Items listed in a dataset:

>>

(* Let $E$ be a graph, $X\subseteq {\rm Reg}(E)$, $Y={\rm Reg}(E)\setminus X$, and let $c=e_1e_2\cdots e_n$ be a cycle without exits based at a vertex $w$. Put $\mu_0=w$ and, for $1\le k<n$, $\mu_k=e_1\cdots e_k$, and let $I=\{0\}\cup\{k: 1\le k<n,\ s(e_k)\in Y\}$. Then $$wC_K^X(E)w=\Big\{\sum_{\substack{0\le i\le t_1,\ 0\le j\le t_2,\ k\in I}} l_{ijk}\, c^i\mu_k\mu_k^*(c^* )^j \ :\ l_{ijk}\in K,\ t_1,t_2\in\mathbb N\cup\{0\}\Big\},$$ where $c^0=(c^* )^0=w$.
   Context: Let $K$ be a field and $E=(E^0,E^1,r,s)$ a directed graph (vertices $E^0$, edges $E^1$, range and source maps $r,s:E^1\to E^0$; no countability or finiteness assumptions). A vertex $v$ is a sink if $s^{-1}(v)=\emptyset$ and regular if $s^{-1}(v)$ is finite and nonempty; ${\rm Reg}(E)$ is the set of regular vertices. A path of length $n\ge 1$ is a sequence $\xi_1\cdots\xi_n$ of edges with $r(\xi_i)=s(\xi_{i+1})$; vertices are paths of length $0$; ${\rm Path}(E)$ is the set of finite paths, with $s,r$ extended to paths in the obvious way. For $X\subseteq{\rm Reg}(E)$, the relative Cohn path algebra $C_K^X(E)$ is the free $K$-algebra generated by $E^0\cup E^1\cup\{e^*:e\in E^1\}$ subject to: $vw=\delta_{v,w}v$ ($v,w\in E^0$); $s(e)e=er(e)=e$ and $r(e)e^*=e^*s(e)=e^*$ ($e\in E^1$); $e^*f=\delta_{e,f}r(e)$ ($e,f\in E^1$); $v=\sum_{e\in s^{-1}(v)}ee^*$ for every $v\in X$. For a path $\alpha=\alpha_1\cdots\alpha_n$, $\alpha^*=\alpha_n^*\cdots\alpha_1^*$, and $v^*=v$ for vertices. A closed path is a path $\alpha=e_1\cdots e_n$ ($n\ge1$) with $r(e_n)=s(e_1)$; it is a cycle if $s(e_i)\ne s(e_j)$ for $i\neq j$, and it is based at $s(e_1)$. An exit of a path $e_1\cdots e_n$ is an edge $e$ with $s(e)=s(e_i)$ for some $i$ and $e\ne e_i$. *)

theory Defs
  imports Main "HOL-Library.Function_Algebras"
begin

record ('v,'e) graph =
  verts :: "'v set"
  edges :: "'e set"
  src   :: "'e \<Rightarrow> 'v"
  rng   :: "'e \<Rightarrow> 'v"

definition wf_graph :: "('v,'e) graph \<Rightarrow> bool" where
  "wf_graph E \<longleftrightarrow> (\<forall>e\<in>edges E. src E e \<in> verts E \<and> rng E e \<in> verts E)"

definition src_inv :: "('v,'e) graph \<Rightarrow> 'v \<Rightarrow> 'e set" where
  "src_inv E v = {e \<in> edges E. src E e = v}"

definition Reg :: "('v,'e) graph \<Rightarrow> 'v set" where
  "Reg E = {v \<in> verts E. finite (src_inv E v) \<and> src_inv E v \<noteq> {}}"

text \<open>Generators of the free algebra: vertices, edges, ghost edges.\<close>
datatype ('v,'e) gen = GV 'v | GE 'e | GG 'e

definition gen_ok :: "('v,'e) graph \<Rightarrow> ('v,'e) gen \<Rightarrow> bool" where
  "gen_ok E g = (case g of GV v \<Rightarrow> v \<in> verts E | GE e \<Rightarrow> e \<in> edges E | GG e \<Rightarrow> e \<in> edges E)"

text \<open>The free (non-unital) K-algebra on the generators: finitely supported K-valued
  functions on nonempty words in the generators, with convolution product.\<close>
type_synonym ('v,'e,'k) fa = "('v,'e) gen list \<Rightarrow> 'k"
lemma prob_load_ge_le:
  "measure_pmf.prob (balls_in_bins n P) {\<omega>. k \<le> load n \<omega> i} \<le> real (n choose k) * pmf P i ^ k"
proof (induction n arbitrary: k)
  case 0
  then show ?case by (cases k) (simp_all add: load_def)
next
  case (Suc n)
  define g where "g k = measure_pmf.prob (balls_in_bins n P) {\<omega>. k \<le> load n \<omega> i}" for k
  show ?case
  proof (cases k)
    case 0
    then show ?thesis by (simp add: measure_pmf.prob_le_1)
  next
    case (Suc k')
    have "measure_pmf.prob (balls_in_bins (Suc n) P) {\<omega>. k \<le> load (Suc n) \<omega> i}
        = measure_pmf.expectation P (\<lambda>y. measure_pmf.prob (balls_in_bins n P)
            {\<omega>. k \<le> ((load n \<omega>)(y := Suc (load n \<omega> y))) i})"
      by (rule prob_balls_in_bins_Suc)
    also have "\<dots> = measure_pmf.expectation P (\<lambda>y. if y \<in> {i} then g k' else g k)"
      by (intro Bochner_Integration.integral_cong refl) (auto simp: g_def Suc)
    also have "\<dots> = pmf P i * g k' + (1 - pmf P i) * g k"
      by (subst expectation_if_mem_finite) simp_all
    also have "\<dots> \<le> pmf P i * g k' + g k"
      by (simp add: g_def algebra_simps)
    also have "\<dots> \<le> pmf P i * (real (n choose k') * pmf P i ^ k') + real (n choose k) * pmf P i ^ k"
      unfolding g_def by (intro add_mono mult_left_mono Suc.IH) simp_all
    also have "\<dots> = real (Suc n choose k) * pmf P i ^ k"
      by (simp add: Suc algebra_simps)
    finally show ?thesis .
  qed
qed

section \<open>All loads below their caps\<close>

text \<open>
  \<open>capped_mass n t p \<kappa> r\<close> is the total weight of the assignments of n balls in which
  every bin i \<in> {1..r} receives fewer than \<kappa> i balls, bin i having weight p i and all other bins
  together weight t - (p 1 + ... + p r); the recursion chooses the balls of bin r.
\<close>

fun capped_mass :: "nat \<Rightarrow> real \<Rightarrow> (nat \<Rightarrow> real) \<Rightarrow> (nat \<Rightarrow> nat) \<Rightarrow> nat \<Rightarrow> real" where
  "capped_mass n t p \<kappa> 0 = t ^ n"
| "capped_mass n t p \<kappa> (Suc r) =
     (\<Sum>j<\<kappa> (Suc r). real (n choose j) * p (Suc r) ^ j * capped_mass (n - j) (t - p (Suc r)) p \<kappa> r)"

lemma capped_mass_cong:
  "(\<And>i. i \<in> {1..r} \<Longrightarrow> \<kappa> i = \<kappa>' i) \<Longrightarrow> capped_mass n t p \<kappa> r = capped_mass n t p \<kappa>' r"
  by (induction r arbitrary: n t) auto

lemma capped_mass_no_balls:
  "capped_mass 0 t p \<kappa> r = (if \<forall>i\<in>{1..r}. 0 < \<kappa> i then 1 else 0)"
proof (induction r arbitrary: t)
  case (Suc r)
  have "capped_mass 0 t p \<kappa> (Suc r) = (if 0 < \<kappa> (Suc r) then capped_mass 0 (t - p (Suc r)) p \<kappa> r else 0)"
    by (cases "\<kappa> (Suc r)") (simp_all add: lessThan_Suc_eq_insert_0 sum.reindex)
  then show ?case
    using Suc.IH by (auto simp: le_Suc_eq intro!: bexI[of _ "Suc r"])
qed simp

lemma sum_choose_Suc_pascal:
  fixes x :: real
  shows "(\<Sum>j<Suc K. real (Suc n choose j) * x ^ j * g (Suc n - j))
       = (\<Sum>j<Suc K. real (n choose j) * x ^ j * g (Suc n - j)) + x * (\<Sum>j<K. real (n choose j) * x ^ j * g (n - j))"
  unfolding sum.lessThan_Suc_shift by (simp add: sum.distrib algebra_simps sum_distrib_left)
lemma has_real_derivative_integral_parametric:
  fixes f ft :: "real \<Rightarrow> real \<Rightarrow> real"
  assumes ft: "continuous_on ({t0<..} \<times> {0..1}) (\<lambda>(r, x). ft r x)"
    and df: "\<And>r x. r > t0 \<Longrightarrow> x \<in> {0..1} \<Longrightarrow> ((\<lambda>s. f s x) has_real_derivative ft r x) (at r)"
    and f: "\<And>r. r > t0 \<Longrightarrow> continuous_on {0..1} (f r)"
    and h: "continuous_on {0..1} h" and t: "t > t0"
  shows "((\<lambda>r. integral {0..1} (\<lambda>x. h x * f r x)) has_real_derivative
      integral {0..1} (\<lambda>x. h x * ft t x)) (at t)"
proof -
  have "((\<lambda>r. integral (cbox 0 1) (\<lambda>x. h x * f r x)) has_field_derivative
      integral (cbox 0 1) (\<lambda>x. h x * ft t x)) (at t within {t0<..})"
  proof (rule leibniz_rule_field_derivative[where fx = "\<lambda>r x. h x * ft r x"])
    fix r x
    assume "r \<in> {t0<..}" "x \<in> cbox (0::real) 1"
    then show "((\<lambda>r. h x * f r x) has_field_derivative h x * ft r x) (at r within {t0<..})"
      by (intro has_field_derivative_at_within[OF DERIV_cmult] df) auto
  next
    fix r :: real
    assume "r \<in> {t0<..}"
    then have "continuous_on {0..1} (\<lambda>x. h x * f r x)"
      by (intro continuous_on_mult h f) simp
    then show "(\<lambda>x. h x * f r x) integrable_on cbox 0 1"
      using integrable_continuous_interval by simp
  next
    have "continuous_on ({t0<..} \<times> {0..1}) (\<lambda>p. h (snd p))"
      by (rule continuous_on_compose2[OF h continuous_on_snd[OF continuous_on_id]]) auto
    moreover have "continuous_on ({t0<..} \<times> {0..1}) (\<lambda>p. ft (fst p) (snd p))"
      using ft by (simp add: case_prod_beta)
    ultimately have "continuous_on ({t0<..} \<times> {0..1}) (\<lambda>p. h (snd p) * ft (fst p) (snd p))"
      by (rule continuous_on_mult)
    then show "continuous_on ({t0<..} \<times> cbox 0 1) (\<lambda>(r, x). h x * ft r x)"
      by (simp add: case_prod_beta)
    show "t \<in> {t0<..}" using t by simp
  qed (rule convex_real_interval)
  moreover have "at t within {t0<..} = at t"
    using t by (intro at_within_open) auto
  ultimately show ?thesis by simp
qed
theorem theorem9:
  fixes dL n :: nat and U K :: "complex mat"
  assumes "dL \<ge> 2"
    and "unitary_mat (dL ^ n) U"
    and "K \<in> carrier_mat (dL ^ n) (dL ^ n)"
    and "mat_adjoint K = - K"
    and "frob_norm K = 1"
  shows "\<exists>D. ((\<lambda>t::real. H2 dL n (mat_exp (complex_of_real t \<cdot>\<^sub>m K) * U))
              has_real_derivative D) (at 0)
           \<and> \<bar>D\<bar> \<le> 8 / sqrt (real (dL ^ n))"
proof -
  define W where "W t = mat_exp (complex_of_real t \<cdot>\<^sub>m K) * U" for t
  have U: "U \<in> carrier_mat (dL ^ n) (dL ^ n)"
    using unitary_matD(1)[OF assms(2)] .
  have E: "mat_exp (complex_of_real t \<cdot>\<^sub>m K) \<in> carrier_mat (dL ^ n) (dL ^ n)" for t
    using assms(3) by (simp add: mat_exp_carrier)
  have "W t \<in> carrier_mat (dL ^ n) (dL ^ n)" for t
    unfolding W_def using E U by (rule mult_carrier_mat)
  moreover have "W 0 = U"
    using U by (simp add: W_def mat_exp_zero[OF assms(3)])
  moreover have "has_mat_derivative W (K * U) 0"
    unfolding W_def using E assms(3) U has_mat_derivative_mat_exp[OF assms(3)]
    by (rule has_mat_derivative_mult_const_right)
  \<comment> \<open>The bound holds for every direction of unit Frobenius norm.\<close>
  ultimately show ?thesis
    using H2_derivative_bound[of dL n U K W 0] assms(1,2,3,5) by (simp add: W_def)
qed

end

<<

Where the data above reaches the line holding "proof (cases k)", begin printing, and stop after the line holding "(real (n choose". Each line must be reproduced exactly, with nothing else added.

  proof (cases k)
    case 0
    then show ?thesis by (simp add: measure_pmf.prob_le_1)
  next
    case (Suc k')
    have "measure_pmf.prob (balls_in_bins (Suc n) P) {\<omega>. k \<le> load (Suc n) \<omega> i}
        = measure_pmf.expectation P (\<lambda>y. measure_pmf.prob (balls_in_bins n P)
            {\<omega>. k \<le> ((load n \<omega>)(y := Suc (load n \<omega> y))) i})"
      by (rule prob_balls_in_bins_Suc)
    also have "\<dots> = measure_pmf.expectation P (\<lambda>y. if y \<in> {i} then g k' else g k)"
      by (intro Bochner_Integration.integral_cong refl) (auto simp: g_def Suc)
    also have "\<dots> = pmf P i * g k' + (1 - pmf P i) * g k"
      by (subst expectation_if_mem_finite) simp_all
    also have "\<dots> \<le> pmf P i * g k' + g k"
      by (simp add: g_def algebra_simps)
    also have "\<dots> \<le> pmf P i * (real (n choose k') * pmf P i ^ k') + real (n choose k) * pmf P i ^ k"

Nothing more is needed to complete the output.